_INSTRUCTIONS TO FOLLOW_:
In the records below, begin at the line containing "by (induction A rule: finite_induct) (auto simp: P0" and end at the line containing "intro: inv_into_into f_inv_into_f)"; quote every line in that span exactly, including both boundary lines, and no others.

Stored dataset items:
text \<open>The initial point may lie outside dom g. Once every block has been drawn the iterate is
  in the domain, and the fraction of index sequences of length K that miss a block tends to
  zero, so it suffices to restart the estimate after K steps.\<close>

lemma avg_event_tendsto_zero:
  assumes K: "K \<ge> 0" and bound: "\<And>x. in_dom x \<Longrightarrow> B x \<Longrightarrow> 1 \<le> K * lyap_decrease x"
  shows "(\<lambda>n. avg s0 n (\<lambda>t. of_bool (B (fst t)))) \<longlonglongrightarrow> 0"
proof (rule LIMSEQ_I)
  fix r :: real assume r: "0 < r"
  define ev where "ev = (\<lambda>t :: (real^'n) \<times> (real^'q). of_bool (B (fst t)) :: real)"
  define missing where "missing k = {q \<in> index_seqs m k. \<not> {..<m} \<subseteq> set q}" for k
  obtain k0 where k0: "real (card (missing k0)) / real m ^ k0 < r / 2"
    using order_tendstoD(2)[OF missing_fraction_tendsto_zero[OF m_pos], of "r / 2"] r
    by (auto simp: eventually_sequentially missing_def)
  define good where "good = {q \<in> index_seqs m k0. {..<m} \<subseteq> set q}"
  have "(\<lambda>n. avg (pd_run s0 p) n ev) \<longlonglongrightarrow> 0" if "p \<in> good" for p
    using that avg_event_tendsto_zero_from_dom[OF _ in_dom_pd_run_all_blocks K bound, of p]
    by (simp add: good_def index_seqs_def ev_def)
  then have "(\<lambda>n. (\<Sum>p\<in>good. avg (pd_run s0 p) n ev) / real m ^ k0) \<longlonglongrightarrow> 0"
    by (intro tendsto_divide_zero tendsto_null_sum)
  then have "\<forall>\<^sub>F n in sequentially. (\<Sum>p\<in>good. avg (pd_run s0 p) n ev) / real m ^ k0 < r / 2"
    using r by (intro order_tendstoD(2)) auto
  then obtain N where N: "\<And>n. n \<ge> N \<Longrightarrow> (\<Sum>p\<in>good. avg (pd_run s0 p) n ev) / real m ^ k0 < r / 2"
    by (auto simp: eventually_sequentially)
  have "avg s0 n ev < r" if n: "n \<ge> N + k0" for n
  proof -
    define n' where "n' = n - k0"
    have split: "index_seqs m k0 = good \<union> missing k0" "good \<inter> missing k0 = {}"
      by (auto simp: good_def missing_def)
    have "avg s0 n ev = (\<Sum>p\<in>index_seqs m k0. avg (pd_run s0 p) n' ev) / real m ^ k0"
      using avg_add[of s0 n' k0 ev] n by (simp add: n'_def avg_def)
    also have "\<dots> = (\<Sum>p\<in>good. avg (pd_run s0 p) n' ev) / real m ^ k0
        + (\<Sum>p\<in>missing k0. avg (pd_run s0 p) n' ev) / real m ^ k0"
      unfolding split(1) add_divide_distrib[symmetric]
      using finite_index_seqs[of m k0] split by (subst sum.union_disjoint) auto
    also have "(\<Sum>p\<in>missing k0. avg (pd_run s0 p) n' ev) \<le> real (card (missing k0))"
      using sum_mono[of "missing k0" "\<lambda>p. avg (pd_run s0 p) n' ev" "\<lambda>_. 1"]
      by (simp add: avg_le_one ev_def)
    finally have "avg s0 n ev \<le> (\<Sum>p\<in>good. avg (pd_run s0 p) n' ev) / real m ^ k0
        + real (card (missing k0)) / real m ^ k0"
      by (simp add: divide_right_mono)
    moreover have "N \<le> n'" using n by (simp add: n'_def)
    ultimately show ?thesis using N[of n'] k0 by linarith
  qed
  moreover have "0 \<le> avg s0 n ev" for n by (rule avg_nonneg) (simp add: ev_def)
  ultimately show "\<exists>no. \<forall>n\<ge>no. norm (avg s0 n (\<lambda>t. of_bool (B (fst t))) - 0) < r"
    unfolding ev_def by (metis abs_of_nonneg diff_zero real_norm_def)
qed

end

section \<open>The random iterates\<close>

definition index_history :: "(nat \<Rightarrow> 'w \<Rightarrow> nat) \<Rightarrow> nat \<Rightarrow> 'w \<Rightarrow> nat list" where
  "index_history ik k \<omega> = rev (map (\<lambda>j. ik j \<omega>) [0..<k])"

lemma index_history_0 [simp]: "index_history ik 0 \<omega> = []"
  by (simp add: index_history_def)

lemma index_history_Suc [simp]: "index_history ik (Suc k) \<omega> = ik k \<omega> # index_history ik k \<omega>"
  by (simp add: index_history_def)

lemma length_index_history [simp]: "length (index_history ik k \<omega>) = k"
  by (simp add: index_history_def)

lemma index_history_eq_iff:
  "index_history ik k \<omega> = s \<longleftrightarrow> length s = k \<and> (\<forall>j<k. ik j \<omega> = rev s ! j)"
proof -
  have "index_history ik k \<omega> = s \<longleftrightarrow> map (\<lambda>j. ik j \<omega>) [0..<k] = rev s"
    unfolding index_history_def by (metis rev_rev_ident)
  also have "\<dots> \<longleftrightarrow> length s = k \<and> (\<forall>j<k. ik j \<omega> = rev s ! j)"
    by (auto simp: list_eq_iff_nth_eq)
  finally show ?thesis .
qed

==

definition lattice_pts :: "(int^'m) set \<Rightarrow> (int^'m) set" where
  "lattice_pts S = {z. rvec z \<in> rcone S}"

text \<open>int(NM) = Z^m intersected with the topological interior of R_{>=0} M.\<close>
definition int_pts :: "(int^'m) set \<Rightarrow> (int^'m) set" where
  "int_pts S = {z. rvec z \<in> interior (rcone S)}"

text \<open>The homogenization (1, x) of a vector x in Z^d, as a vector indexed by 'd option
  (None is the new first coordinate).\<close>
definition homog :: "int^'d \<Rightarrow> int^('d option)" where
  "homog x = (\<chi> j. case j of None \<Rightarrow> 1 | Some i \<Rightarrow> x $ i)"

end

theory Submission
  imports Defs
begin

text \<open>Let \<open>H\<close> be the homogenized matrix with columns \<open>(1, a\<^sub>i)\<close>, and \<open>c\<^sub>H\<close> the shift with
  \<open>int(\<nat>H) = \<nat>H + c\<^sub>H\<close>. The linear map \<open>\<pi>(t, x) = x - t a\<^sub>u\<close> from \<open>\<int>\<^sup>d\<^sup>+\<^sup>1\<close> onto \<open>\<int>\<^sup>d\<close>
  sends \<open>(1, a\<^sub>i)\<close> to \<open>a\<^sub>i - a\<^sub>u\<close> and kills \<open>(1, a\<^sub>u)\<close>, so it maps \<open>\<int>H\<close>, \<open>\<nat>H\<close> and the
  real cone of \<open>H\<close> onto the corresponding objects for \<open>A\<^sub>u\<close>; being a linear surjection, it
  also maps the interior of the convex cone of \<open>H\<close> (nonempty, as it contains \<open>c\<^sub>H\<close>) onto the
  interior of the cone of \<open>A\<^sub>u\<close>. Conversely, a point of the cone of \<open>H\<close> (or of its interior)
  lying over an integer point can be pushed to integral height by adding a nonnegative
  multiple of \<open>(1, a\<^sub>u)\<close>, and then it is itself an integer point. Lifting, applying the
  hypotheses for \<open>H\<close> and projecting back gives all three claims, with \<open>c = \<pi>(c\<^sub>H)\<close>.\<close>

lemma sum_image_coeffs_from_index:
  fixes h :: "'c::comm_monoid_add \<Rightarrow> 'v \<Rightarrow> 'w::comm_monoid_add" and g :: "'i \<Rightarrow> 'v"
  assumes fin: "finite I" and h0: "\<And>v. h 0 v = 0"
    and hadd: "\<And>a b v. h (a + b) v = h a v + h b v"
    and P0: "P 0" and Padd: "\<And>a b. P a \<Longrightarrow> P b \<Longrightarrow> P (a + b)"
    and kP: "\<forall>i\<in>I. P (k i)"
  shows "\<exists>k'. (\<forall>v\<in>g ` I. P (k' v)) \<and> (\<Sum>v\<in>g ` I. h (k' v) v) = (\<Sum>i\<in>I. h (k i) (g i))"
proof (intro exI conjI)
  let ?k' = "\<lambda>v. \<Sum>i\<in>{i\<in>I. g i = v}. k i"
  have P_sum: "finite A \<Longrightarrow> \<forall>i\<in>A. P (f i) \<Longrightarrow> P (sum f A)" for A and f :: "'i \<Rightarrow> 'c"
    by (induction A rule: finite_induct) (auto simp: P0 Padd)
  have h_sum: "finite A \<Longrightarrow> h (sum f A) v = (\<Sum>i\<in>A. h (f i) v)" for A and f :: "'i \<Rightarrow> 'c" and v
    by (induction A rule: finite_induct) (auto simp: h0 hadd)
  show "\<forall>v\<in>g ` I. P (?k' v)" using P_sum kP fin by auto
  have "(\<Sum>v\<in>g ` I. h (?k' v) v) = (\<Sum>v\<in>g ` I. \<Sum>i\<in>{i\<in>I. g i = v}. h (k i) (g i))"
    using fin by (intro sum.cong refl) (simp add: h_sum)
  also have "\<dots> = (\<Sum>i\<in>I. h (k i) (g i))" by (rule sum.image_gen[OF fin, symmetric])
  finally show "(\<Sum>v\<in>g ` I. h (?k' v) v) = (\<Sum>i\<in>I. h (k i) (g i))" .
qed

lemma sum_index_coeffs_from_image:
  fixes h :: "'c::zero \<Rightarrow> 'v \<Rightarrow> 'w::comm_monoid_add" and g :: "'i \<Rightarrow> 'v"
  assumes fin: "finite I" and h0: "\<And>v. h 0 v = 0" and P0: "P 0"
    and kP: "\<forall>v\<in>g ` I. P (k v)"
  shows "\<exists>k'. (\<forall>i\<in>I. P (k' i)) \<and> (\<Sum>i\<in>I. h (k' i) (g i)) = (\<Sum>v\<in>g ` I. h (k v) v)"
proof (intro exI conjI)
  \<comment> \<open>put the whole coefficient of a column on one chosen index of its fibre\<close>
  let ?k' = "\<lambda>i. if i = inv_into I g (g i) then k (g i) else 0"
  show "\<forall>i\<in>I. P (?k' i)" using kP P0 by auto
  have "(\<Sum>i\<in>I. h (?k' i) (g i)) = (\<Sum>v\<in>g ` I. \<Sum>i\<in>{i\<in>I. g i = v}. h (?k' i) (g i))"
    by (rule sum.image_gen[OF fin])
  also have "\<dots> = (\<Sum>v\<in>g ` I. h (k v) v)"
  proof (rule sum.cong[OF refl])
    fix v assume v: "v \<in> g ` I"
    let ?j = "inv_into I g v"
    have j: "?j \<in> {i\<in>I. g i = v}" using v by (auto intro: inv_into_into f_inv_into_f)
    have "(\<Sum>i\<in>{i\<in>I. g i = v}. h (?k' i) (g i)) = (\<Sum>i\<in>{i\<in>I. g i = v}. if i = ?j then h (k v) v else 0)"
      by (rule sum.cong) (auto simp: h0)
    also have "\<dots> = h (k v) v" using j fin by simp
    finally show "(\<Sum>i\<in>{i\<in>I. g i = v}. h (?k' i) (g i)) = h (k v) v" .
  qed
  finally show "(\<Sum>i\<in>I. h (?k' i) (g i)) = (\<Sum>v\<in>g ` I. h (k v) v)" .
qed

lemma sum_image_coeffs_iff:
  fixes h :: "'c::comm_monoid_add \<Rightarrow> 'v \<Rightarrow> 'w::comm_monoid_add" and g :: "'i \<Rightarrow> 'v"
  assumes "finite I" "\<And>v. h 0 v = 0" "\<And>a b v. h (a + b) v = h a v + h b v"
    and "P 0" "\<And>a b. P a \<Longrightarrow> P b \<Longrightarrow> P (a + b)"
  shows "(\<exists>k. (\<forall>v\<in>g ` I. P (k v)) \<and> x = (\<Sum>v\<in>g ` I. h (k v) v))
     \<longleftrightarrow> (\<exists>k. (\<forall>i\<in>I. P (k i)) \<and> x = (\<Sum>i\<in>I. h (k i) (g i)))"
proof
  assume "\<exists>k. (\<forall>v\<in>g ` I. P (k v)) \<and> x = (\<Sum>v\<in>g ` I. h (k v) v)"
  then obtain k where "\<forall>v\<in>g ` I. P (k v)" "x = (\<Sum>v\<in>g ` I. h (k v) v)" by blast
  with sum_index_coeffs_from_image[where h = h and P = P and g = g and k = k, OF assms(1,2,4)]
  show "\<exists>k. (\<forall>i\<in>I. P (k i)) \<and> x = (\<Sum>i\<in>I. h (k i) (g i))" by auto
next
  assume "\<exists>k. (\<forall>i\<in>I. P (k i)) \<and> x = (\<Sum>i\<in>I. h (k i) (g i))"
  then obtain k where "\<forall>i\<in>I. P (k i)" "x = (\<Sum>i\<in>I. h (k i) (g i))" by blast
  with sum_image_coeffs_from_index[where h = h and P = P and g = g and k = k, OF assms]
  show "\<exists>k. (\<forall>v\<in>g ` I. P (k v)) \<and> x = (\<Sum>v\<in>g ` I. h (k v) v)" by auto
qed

==

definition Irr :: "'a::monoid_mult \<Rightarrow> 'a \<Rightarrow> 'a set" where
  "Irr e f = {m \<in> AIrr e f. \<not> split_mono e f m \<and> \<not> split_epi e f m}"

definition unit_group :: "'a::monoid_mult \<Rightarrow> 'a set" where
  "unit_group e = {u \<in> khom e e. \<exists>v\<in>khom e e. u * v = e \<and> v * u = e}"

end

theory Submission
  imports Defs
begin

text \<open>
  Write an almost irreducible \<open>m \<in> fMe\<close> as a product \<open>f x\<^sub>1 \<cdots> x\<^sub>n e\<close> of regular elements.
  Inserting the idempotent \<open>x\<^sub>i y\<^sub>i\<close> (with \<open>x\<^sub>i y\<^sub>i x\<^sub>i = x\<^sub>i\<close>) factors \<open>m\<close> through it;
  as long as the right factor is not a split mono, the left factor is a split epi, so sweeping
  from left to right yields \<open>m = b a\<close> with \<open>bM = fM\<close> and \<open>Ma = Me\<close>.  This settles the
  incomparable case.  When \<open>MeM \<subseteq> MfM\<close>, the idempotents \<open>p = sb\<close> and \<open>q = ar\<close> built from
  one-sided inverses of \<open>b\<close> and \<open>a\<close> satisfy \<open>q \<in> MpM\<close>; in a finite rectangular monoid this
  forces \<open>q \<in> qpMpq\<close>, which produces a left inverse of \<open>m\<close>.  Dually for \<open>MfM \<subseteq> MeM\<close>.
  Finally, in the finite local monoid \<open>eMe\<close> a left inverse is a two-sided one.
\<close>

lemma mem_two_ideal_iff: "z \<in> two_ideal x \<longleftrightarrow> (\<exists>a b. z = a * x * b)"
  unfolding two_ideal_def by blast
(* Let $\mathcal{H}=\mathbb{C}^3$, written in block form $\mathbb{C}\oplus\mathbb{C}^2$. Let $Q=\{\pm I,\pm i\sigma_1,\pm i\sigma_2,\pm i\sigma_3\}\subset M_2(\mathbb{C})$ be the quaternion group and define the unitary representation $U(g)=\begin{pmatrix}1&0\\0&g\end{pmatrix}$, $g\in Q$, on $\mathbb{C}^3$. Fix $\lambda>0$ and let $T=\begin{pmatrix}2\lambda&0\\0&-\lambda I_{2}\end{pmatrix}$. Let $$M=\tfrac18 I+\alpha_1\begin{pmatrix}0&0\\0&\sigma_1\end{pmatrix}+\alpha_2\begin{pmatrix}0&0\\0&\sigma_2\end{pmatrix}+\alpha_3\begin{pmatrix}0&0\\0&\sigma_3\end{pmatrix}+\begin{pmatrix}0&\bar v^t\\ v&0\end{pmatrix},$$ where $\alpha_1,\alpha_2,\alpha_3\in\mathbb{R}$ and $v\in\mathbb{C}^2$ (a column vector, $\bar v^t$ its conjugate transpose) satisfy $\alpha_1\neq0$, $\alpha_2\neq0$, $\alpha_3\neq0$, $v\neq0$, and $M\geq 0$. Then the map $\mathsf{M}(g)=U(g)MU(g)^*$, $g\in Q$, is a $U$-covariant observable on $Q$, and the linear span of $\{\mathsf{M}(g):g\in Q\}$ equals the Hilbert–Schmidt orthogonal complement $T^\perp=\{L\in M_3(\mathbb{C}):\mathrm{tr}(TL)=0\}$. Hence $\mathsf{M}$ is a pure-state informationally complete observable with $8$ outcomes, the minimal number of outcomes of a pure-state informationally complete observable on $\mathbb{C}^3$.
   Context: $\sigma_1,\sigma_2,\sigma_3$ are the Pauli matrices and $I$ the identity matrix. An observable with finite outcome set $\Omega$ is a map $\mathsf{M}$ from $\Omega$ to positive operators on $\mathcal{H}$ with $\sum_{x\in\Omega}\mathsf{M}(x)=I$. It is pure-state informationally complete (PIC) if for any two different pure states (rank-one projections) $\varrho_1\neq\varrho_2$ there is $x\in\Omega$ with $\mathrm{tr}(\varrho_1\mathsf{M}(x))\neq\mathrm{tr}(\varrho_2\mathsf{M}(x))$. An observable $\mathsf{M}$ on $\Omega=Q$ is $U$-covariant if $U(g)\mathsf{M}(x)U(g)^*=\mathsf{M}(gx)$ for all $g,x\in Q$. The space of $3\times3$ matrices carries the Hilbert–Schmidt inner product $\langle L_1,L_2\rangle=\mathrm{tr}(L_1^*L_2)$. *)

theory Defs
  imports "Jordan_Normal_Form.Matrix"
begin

_SOLVED EXERCISE_:
    by (induction A rule: finite_induct) (auto simp: P0 Padd)
  have h_sum: "finite A \<Longrightarrow> h (sum f A) v = (\<Sum>i\<in>A. h (f i) v)" for A and f :: "'i \<Rightarrow> 'c" and v
    by (induction A rule: finite_induct) (auto simp: h0 hadd)
  show "\<forall>v\<in>g ` I. P (?k' v)" using P_sum kP fin by auto
  have "(\<Sum>v\<in>g ` I. h (?k' v) v) = (\<Sum>v\<in>g ` I. \<Sum>i\<in>{i\<in>I. g i = v}. h (k i) (g i))"
    using fin by (intro sum.cong refl) (simp add: h_sum)
  also have "\<dots> = (\<Sum>i\<in>I. h (k i) (g i))" by (rule sum.image_gen[OF fin, symmetric])
  finally show "(\<Sum>v\<in>g ` I. h (?k' v) v) = (\<Sum>i\<in>I. h (k i) (g i))" .
qed

lemma sum_index_coeffs_from_image:
  fixes h :: "'c::zero \<Rightarrow> 'v \<Rightarrow> 'w::comm_monoid_add" and g :: "'i \<Rightarrow> 'v"
  assumes fin: "finite I" and h0: "\<And>v. h 0 v = 0" and P0: "P 0"
    and kP: "\<forall>v\<in>g ` I. P (k v)"
  shows "\<exists>k'. (\<forall>i\<in>I. P (k' i)) \<and> (\<Sum>i\<in>I. h (k' i) (g i)) = (\<Sum>v\<in>g ` I. h (k v) v)"
proof (intro exI conjI)
  \<comment> \<open>put the whole coefficient of a column on one chosen index of its fibre\<close>
  let ?k' = "\<lambda>i. if i = inv_into I g (g i) then k (g i) else 0"
  show "\<forall>i\<in>I. P (?k' i)" using kP P0 by auto
  have "(\<Sum>i\<in>I. h (?k' i) (g i)) = (\<Sum>v\<in>g ` I. \<Sum>i\<in>{i\<in>I. g i = v}. h (?k' i) (g i))"
    by (rule sum.image_gen[OF fin])
  also have "\<dots> = (\<Sum>v\<in>g ` I. h (k v) v)"
  proof (rule sum.cong[OF refl])
    fix v assume v: "v \<in> g ` I"
    let ?j = "inv_into I g v"
    have j: "?j \<in> {i\<in>I. g i = v}" using v by (auto intro: inv_into_into f_inv_into_f)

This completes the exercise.